(* Let $M=(r,q,u)$ be an IC and IR mechanism. (1) If $M$ is undominated, then $M$ is floor-randomized, left continuous, and satisfies DD. (2) If $M$ is dominated, then $M$ is dominated by a mechanism that is floor-randomized, left continuous and satisfies DD.
   Context: Setting. Let $\Theta=[\underline\theta,\overline\theta]$ with $0<\underline\theta<\overline\theta$. Let $c>0$ and let $P:\mathbb R_+\to\mathbb R_+$ be continuous and strictly decreasing with $P(\overline q)=0$ for some $\overline q>0$. Put $V(q)=\int_0^q P(z)\,dz$ and $\mathrm{TS}(\theta,q)=V(q)-c-\theta q$ for $q>0$, $\mathrm{TS}(\theta,0)=0$. Assume (A2): $\mathrm{TS}(\overline\theta,P^{-1}(\overline\theta))>0$. A mechanism is a triple $M=(r,q,u)$ of functions $r:\Theta\to[0,1]$, $q:\Theta\to[0,\overline q]$, $u:\Theta\to\mathbb R$ with $q(\theta)=0$ if and only if $r(\theta)=0$. It is IC if $u(\theta)\ge u(\theta')+(\theta'-\theta)q(\theta')r(\theta')$ for all $\theta,\theta'\in\Theta$, and IR if $u(\theta)\ge 0$ for all $\theta$. (Known fact: $M$ is IC iff $\theta\mapsto q(\theta)r(\theta)$ is nonincreasing and $u(\theta)=u(\overline\theta)+\int_\theta^{\overline\theta}q(z)r(z)\,dz$ for all $\theta$; an IC mechanism is IR iff $u(\overline\theta)\ge0$.) Fix $\alpha\in[0,1)$. The regulator's surplus at $\theta$ is $\mathrm{RS}_\alpha(\theta,M)=r(\theta)\,\mathrm{TS}(\theta,q(\theta))-(1-\alpha)u(\theta)$. An IC and IR mechanism $\tilde M$ dominates an IC and IR mechanism $M$ if $\mathrm{RS}_\alpha(\theta,\tilde M)\ge \mathrm{RS}_\alpha(\theta,M)$ for all $\theta\in\Theta$ with strict inequality for some $\theta$; $M$ is undominated if it is IC, IR and not dominated by any IC and IR mechanism. The quantity floor $\hat q$ is the unique $q>0$ with $V(q)-qP(q)=c$. A mechanism $(r,q,u)$ is floor-randomized if it is IC, IR, $u(\overline\theta)=0$, and $\Theta$ can be partitioned into three pairwise disjoint (possibly empty) intervals $\Theta_1,\Theta_{01},\Theta_0$, with every element of $\Theta_0$ larger than every element of $\Theta_{01}$ and every element of $\Theta_{01}$ larger than every element of $\Theta_1$, such that: $q(\theta)\ge\hat q$ and $r(\theta)=1$ for $\theta\in\Theta_1$; $q(\theta)=\hat q$ and $r(\theta)\in(0,1)$ for $\theta\in\Theta_{01}$; $q(\theta)=r(\theta)=0$ for $\theta\in\Theta_0$. The efficient quantity is $q_e(\theta)=P^{-1}(\theta)$. A mechanism satisfies downward distortion (DD) if $q(\theta)\le q_e(\theta)$ for all $\theta$, with equality at $\theta=\underline\theta$; it satisfies strict DD if moreover $q(\theta)<q_e(\theta)$ for every $\theta>\underline\theta$. A mechanism is left continuous if $\theta\mapsto q(\theta)r(\theta)$ is left continuous at every $\theta\in(\underline\theta,\overline\theta]$. *)

theory Defs
  imports "HOL-Analysis.Analysis"
begin

text \<open>Type space Theta = {tlo..thi}. A mechanism is given by three functions r q u
  (only their values on Theta matter).\<close>

definition V :: "(real \<Rightarrow> real) \<Rightarrow> real \<Rightarrow> real" where
  "V P q = integral {0..q} P"

definition TS :: "real \<Rightarrow> (real \<Rightarrow> real) \<Rightarrow> real \<Rightarrow> real \<Rightarrow> real" where
  "TS c P \<theta> q = (if q > 0 then V P q - c - \<theta> * q else 0)"

definition q_eff :: "(real \<Rightarrow> real) \<Rightarrow> real \<Rightarrow> real \<Rightarrow> real" where
  "q_eff P qbar \<theta> = (THE q. 0 \<le> q \<and> q \<le> qbar \<and> P q = \<theta>)"

definition q_floor :: "real \<Rightarrow> (real \<Rightarrow> real) \<Rightarrow> real \<Rightarrow> real" where
  "q_floor c P qbar = (THE q. 0 < q \<and> q \<le> qbar \<and> V P q - q * P q = c)"
(* For every program $C\in$ pProgs and every $\omega$-chain of run-times $f_1\preceq f_2\preceq\cdots$ in $\mathbb{T}$, $\mathsf{ert}[C](\sup_n f_n)=\sup_n \mathsf{ert}[C](f_n)$, where suprema are taken pointwise.
   Context: Programs $C\in$ pProgs are generated by the grammar $C ::= \mathtt{empty} \mid \mathtt{skip} \mid \mathtt{halt} \mid x :\approx \mu \mid C;C \mid \{C\}\,\square\,\{C\} \mid \mathtt{if}\,(\xi)\,\{C\}\,\mathtt{else}\,\{C\} \mid \mathtt{while}\,(\xi)\,\{C\}$, where $x$ is a program variable, $\mu$ a distribution expression and $\xi$ a probabilistic guard. A state $\sigma\in\Sigma$ maps variables to values; $[\![\mu]\!]:\Sigma\to\mathcal{D}(\mathsf{Vals})$ gives discrete distributions of total mass 1, and $[\xi:\mathsf{true}](\sigma)$, $[\xi:\mathsf{false}](\sigma)=1-[\xi:\mathsf{true}](\sigma)$ are the guard probabilities. Run-times: $\mathbb{T}=\{f:\Sigma\to\mathbb{R}_{\ge0}\cup\{\infty\}\}$, ordered pointwise by $\preceq$, with pointwise arithmetic; $\mathbf{c}=\lambda\sigma.c$. The transformer $\mathsf{ert}[C]:\mathbb{T}\to\mathbb{T}$: $\mathsf{ert}[\mathtt{empty}](f)=f$; $\mathsf{ert}[\mathtt{skip}](f)=\mathbf{1}+f$; $\mathsf{ert}[\mathtt{halt}](f)=\mathbf{0}$; $\mathsf{ert}[x:\approx\mu](f)=\mathbf{1}+\lambda\sigma.\sum_v[\![\mu]\!](\sigma)(v)\, f(\sigma[x/v])$; $\mathsf{ert}[C_1;C_2](f)=\mathsf{ert}[C_1](\mathsf{ert}[C_2](f))$; $\mathsf{ert}[\{C_1\}\square\{C_2\}](f)=\max\{\mathsf{ert}[C_1](f),\mathsf{ert}[C_2](f)\}$; $\mathsf{ert}[\mathtt{if}(\xi)\{C_1\}\mathtt{else}\{C_2\}](f)=\mathbf{1}+[\xi:\mathsf{true}]\cdot\mathsf{ert}[C_1](f)+[\xi:\mathsf{false}]\cdot\mathsf{ert}[C_2](f)$; $\mathsf{ert}[\mathtt{while}(\xi)\{C'\}](f)=\mathrm{lfp}\,X.\ \mathbf{1}+[\xi:\mathsf{false}]\cdot f+[\xi:\mathsf{true}]\cdot\mathsf{ert}[C'](X)$. *)

theory Defs
  imports "HOL-Probability.Probability_Mass_Function"
begin

type_synonym ('x, 'v) state = "'x \<Rightarrow> 'v"
type_synonym ('x, 'v) runtime = "('x, 'v) state \<Rightarrow> ennreal"

text \<open>Probabilistic guards are given by a map from states to a distribution on bool,
  so that [xi:true](s) = pmf (xi s) True and [xi:false](s) = 1 - [xi:true](s).\<close>

datatype ('x, 'v) prog =
    Empty
  | Skip
  | Halt
  | Assign 'x "('x, 'v) state \<Rightarrow> 'v pmf"
  | Seq "('x, 'v) prog" "('x, 'v) prog"
  | NDet "('x, 'v) prog" "('x, 'v) prog"
  | If "('x, 'v) state \<Rightarrow> bool pmf" "('x, 'v) prog" "('x, 'v) prog"
  | While "('x, 'v) state \<Rightarrow> bool pmf" "('x, 'v) prog"

primrec ert :: "('x, 'v) prog \<Rightarrow> ('x, 'v) runtime \<Rightarrow> ('x, 'v) runtime" where
  "ert Empty f = f"
| "ert Skip f = (\<lambda>s. 1 + f s)"
| "ert Halt f = (\<lambda>s. 0)"
| "ert (Assign x mu) f =
     (\<lambda>s. 1 + (\<integral>\<^sup>+ v. ennreal (pmf (mu s) v) * f (s(x := v)) \<partial>count_space UNIV))"
| "ert (Seq C1 C2) f = ert C1 (ert C2 f)"
| "ert (NDet C1 C2) f = (\<lambda>s. max (ert C1 f s) (ert C2 f s))"
| "ert (If xi C1 C2) f =
     (\<lambda>s. 1 + ennreal (pmf (xi s) True) * ert C1 f s
            + ennreal (pmf (xi s) False) * ert C2 f s)"
| "ert (While xi C) f =
     lfp (\<lambda>X s. 1 + ennreal (pmf (xi s) False) * f s
                  + ennreal (pmf (xi s) True) * ert C X s)"

end

theory Submission
  imports Defs
begin

text \<open>By induction on the program, ert C is sup-continuous: every constructor combines
  continuous transformers with constants, addition, scaling, pointwise maximum and
  nonnegative integration (monotone convergence). For a loop, the least fixed point of a
  functional that is jointly continuous in the run-time and the fixed-point variable is the
  supremum of its Kleene iterates, each of which is continuous in the run-time.\<close>

lemma sup_continuous_max_pointwise:
  fixes F G :: "'a::complete_lattice \<Rightarrow> 's \<Rightarrow> 'b::complete_linorder"
  assumes F: "sup_continuous F" and G: "sup_continuous G"
  shows "sup_continuous (\<lambda>f s. max (F f s) (G f s))"
  unfolding sup_max[symmetric]
  by (rule sup_continuous_fun, rule sup_continuous_sup)
    (rule sup_continuous_applyD[OF F], rule sup_continuous_applyD[OF G])

lemma sup_continuous_affine_pointwise:
  fixes F G :: "'a::complete_lattice \<Rightarrow> 's \<Rightarrow> ennreal"
  assumes F: "sup_continuous F" and G: "sup_continuous G"
  shows "sup_continuous (\<lambda>f s. a s + p s * F f s + q s * G f s)"
  by (rule sup_continuous_fun, intro sup_continuous_add_ennreal sup_continuous_const
      sup_continuous_mult_left_ennreal sup_continuous_applyD[OF F] sup_continuous_applyD[OF G])

lemma sup_continuous_expectation_update:
  "sup_continuous (\<lambda>(f :: 's \<Rightarrow> ennreal) s. \<integral>\<^sup>+ v. w s v * f (u s v) \<partial>count_space UNIV)"
  by (rule sup_continuous_fun, rule sup_continuous_nn_integral)
    (intro sup_continuous_mult_left_ennreal sup_continuous_apply, simp)

lemma sup_continuous_lfp_loop:
  fixes F :: "('s \<Rightarrow> ennreal) \<Rightarrow> 's \<Rightarrow> ennreal"
  assumes F: "sup_continuous F"
  shows "sup_continuous (\<lambda>f. lfp (\<lambda>X s. a s + p s * f s + q s * F X s))"
proof (rule sup_continuous_lfp'')
  show "sup_continuous (\<lambda>X s. a s + p s * f s + q s * F X s)" for f
    by (rule sup_continuous_fun, intro sup_continuous_add_ennreal sup_continuous_const
        sup_continuous_mult_left_ennreal sup_continuous_applyD[OF F])
  show "sup_continuous (\<lambda>f s. a s + p s * f s + q s * F (g f) s)" if "sup_continuous g" for g
    by (rule sup_continuous_fun, intro sup_continuous_add_ennreal sup_continuous_const
        sup_continuous_mult_left_ennreal sup_continuous_apply
        sup_continuous_applyD[OF sup_continuous_compose[OF F that]])
qed

lemma sup_continuous_ert: "sup_continuous (ert C)"
proof (induction C)
  case Empty
  then show ?case by (simp add: sup_continuous_id)
next
  case Halt
  then show ?case by (simp add: sup_continuous_const)
next
  case Skip
  have "sup_continuous (\<lambda>f s. 1 + f s :: ennreal)"
    by (rule sup_continuous_fun, intro sup_continuous_add_ennreal sup_continuous_const
        sup_continuous_apply)
  then show ?case by simp
next
  case (Assign x mu)
  have "sup_continuous (\<lambda>f s. 1 + (\<integral>\<^sup>+ v. ennreal (pmf (mu s) v) * f (s(x := v)) \<partial>count_space UNIV))"
    by (rule sup_continuous_fun, intro sup_continuous_add_ennreal sup_continuous_const
        sup_continuous_applyD[OF sup_continuous_expectation_update])
  then show ?case by simp
next
  case (Seq C1 C2)
  then show ?case by (simp add: sup_continuous_compose)
next
  case (NDet C1 C2)
  then show ?case
    using sup_continuous_max_pointwise by (simp add: fun_eq_iff)
next
  case (If xi C1 C2)
  then show ?case
    using sup_continuous_affine_pointwise by simp
next
  case (While xi C)
  then show ?case
    using sup_continuous_lfp_loop by simp
qed

theorem lemma1:
  fixes C :: "('x, 'v) prog" and f :: "nat \<Rightarrow> ('x, 'v) runtime"
  assumes "incseq f"
  shows "ert C (SUP n. f n) = (SUP n. ert C (f n))"
  using sup_continuousD[OF sup_continuous_ert] assms by (simp add: mono_def)

end
lemma acyclic_graph_exchange:
  assumes "acyclic_graph T" "(x, y) \<notin> (adj_in (T - {e}) UNIV)\<^sup>*"
  shows "acyclic_graph (insert {x, y} (T - {e}))"
  unfolding acyclic_graph_def
proof
  let ?T = "insert {x, y} (T - {e})"
  assume "\<exists>vs. is_cycle ?T vs"
  then obtain vs where cyc: "is_cycle ?T vs" by blast
  let ?n = "length vs"
  show False
  proof (cases "\<exists>i < ?n. {vs ! i, vs ! ((i + 1) mod ?n)} = {x, y}")
    case True
    then obtain i where i: "i < ?n" "{vs ! i, vs ! ((i + 1) mod ?n)} = {x, y}" by blast
    have "(vs ! ((i + 1) mod ?n), vs ! i) \<in> (adj_in (?T - {{x, y}}) UNIV)\<^sup>*"
      using is_cycle_edge_not_bridge[OF cyc i(1)] i(2) by simp
    moreover have "(adj_in (?T - {{x, y}}) UNIV)\<^sup>* \<subseteq> (adj_in (T - {e}) UNIV)\<^sup>*"
      by (rule rtrancl_adj_in_mono) auto
    ultimately have "(vs ! ((i + 1) mod ?n), vs ! i) \<in> (adj_in (T - {e}) UNIV)\<^sup>*" by blast
    moreover from this have "(vs ! i, vs ! ((i + 1) mod ?n)) \<in> (adj_in (T - {e}) UNIV)\<^sup>*"
      by (rule rtrancl_adj_in_sym)
    ultimately have "(x, y) \<in> (adj_in (T - {e}) UNIV)\<^sup>*"
      using i(2) by (auto simp: doubleton_eq_iff)
    with assms(2) show False ..
  next
    case False
    then have "is_cycle T vs" using cyc by (auto simp: is_cycle_def)
    with assms(1) show False by (auto simp: acyclic_graph_def)
  qed
qed

lemma host_tree_exchange:
  assumes "finite H" "host_tree V H T" "host_tree V H T'" "e \<in> T - T'"
  obtains e' where "e' \<in> T' - T" "host_tree V H (insert e' (T - {e}))"
proof -
  have tree: "is_tree V T" "is_tree V T'" using assms(2,3) by (auto simp: host_tree_def)
  obtain u v where uv: "e = {u, v}" "u \<noteq> v" "u \<in> V" "v \<in> V"
    using tree(1) assms(4) by (auto simp: is_tree_def graph_on_def)
  let ?R = "adj_in (T - {e}) UNIV"
  have "(u, v) \<notin> ?R\<^sup>*"
    using acyclic_graph_edge_is_bridge[of T u v] tree(1) assms(4) uv by (auto simp: is_tree_def)
  define S where "S = V \<inter> \<Inter>{h \<in> H. e \<subseteq> h}"
  have "induced_connected T' S" unfolding S_def
    by (rule induced_connected_Inter) (use assms(1,3) tree(2) in \<open>auto simp: host_tree_def is_tree_def\<close>)
  then have "(u, v) \<in> (adj_in T' S)\<^sup>*" using uv by (auto simp: S_def induced_connected_def)
  moreover have "u \<in> {w. (u, w) \<in> ?R\<^sup>*}" "v \<notin> {w. (u, w) \<in> ?R\<^sup>*}"
    using \<open>(u, v) \<notin> ?R\<^sup>*\<close> by auto
  ultimately obtain x y where "(x, y) \<in> adj_in T' S" "x \<in> {w. (u, w) \<in> ?R\<^sup>*}" "y \<notin> {w. (u, w) \<in> ?R\<^sup>*}"
    by (rule rtrancl_exit_edge)
  then have xy: "(x, y) \<in> adj_in T' S" "(u, x) \<in> ?R\<^sup>*" "(u, y) \<notin> ?R\<^sup>*" by simp_all
  have "(x, y) \<notin> ?R\<^sup>*" using xy(2,3) by (meson rtrancl_trans)
  then have new: "{x, y} \<notin> T" using assms(4) xy(1) by (auto simp: adj_in_def)
  have xyS: "{x, y} \<in> T'" "x \<in> S" "y \<in> S" using xy(1) by (auto simp: adj_in_def)
  let ?T = "insert {x, y} (T - {e})"
  have "graph_on V ?T" using tree xyS(1) by (auto simp: is_tree_def graph_on_def)
  moreover have "induced_connected ?T h" if "induced_connected T h" "e \<subseteq> h \<Longrightarrow> x \<in> h \<and> y \<in> h" for h
    using induced_connected_exchange[of T h u v x y] that xy(2,3) uv(1) by simp
  then have "induced_connected ?T V" "\<forall>h\<in>H. induced_connected ?T h"
    using tree(1) assms(2) xyS by (auto simp: is_tree_def host_tree_def S_def)
  moreover have "acyclic_graph ?T"
    using acyclic_graph_exchange tree(1) \<open>(x, y) \<notin> ?R\<^sup>*\<close> by (auto simp: is_tree_def)
  ultimately have "host_tree V H ?T" by (simp add: host_tree_def is_tree_def)
  with new xyS(1) show ?thesis using that by blast
qed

● ● ●

• _REQUIREMENT_
Extract from the listing above the lines between the line containing "by (rule sup_continuous_fun, rule sup_continuous_sup)" and the line containing "(\<lambda>(f :: 's", keeping both of those lines. Output nothing else.

• _SOLUTION_
  by (rule sup_continuous_fun, rule sup_continuous_sup)
    (rule sup_continuous_applyD[OF F], rule sup_continuous_applyD[OF G])

lemma sup_continuous_affine_pointwise:
  fixes F G :: "'a::complete_lattice \<Rightarrow> 's \<Rightarrow> ennreal"
  assumes F: "sup_continuous F" and G: "sup_continuous G"
  shows "sup_continuous (\<lambda>f s. a s + p s * F f s + q s * G f s)"
  by (rule sup_continuous_fun, intro sup_continuous_add_ennreal sup_continuous_const
      sup_continuous_mult_left_ennreal sup_continuous_applyD[OF F] sup_continuous_applyD[OF G])

lemma sup_continuous_expectation_update:
  "sup_continuous (\<lambda>(f :: 's \<Rightarrow> ennreal) s. \<integral>\<^sup>+ v. w s v * f (u s v) \<partial>count_space UNIV)"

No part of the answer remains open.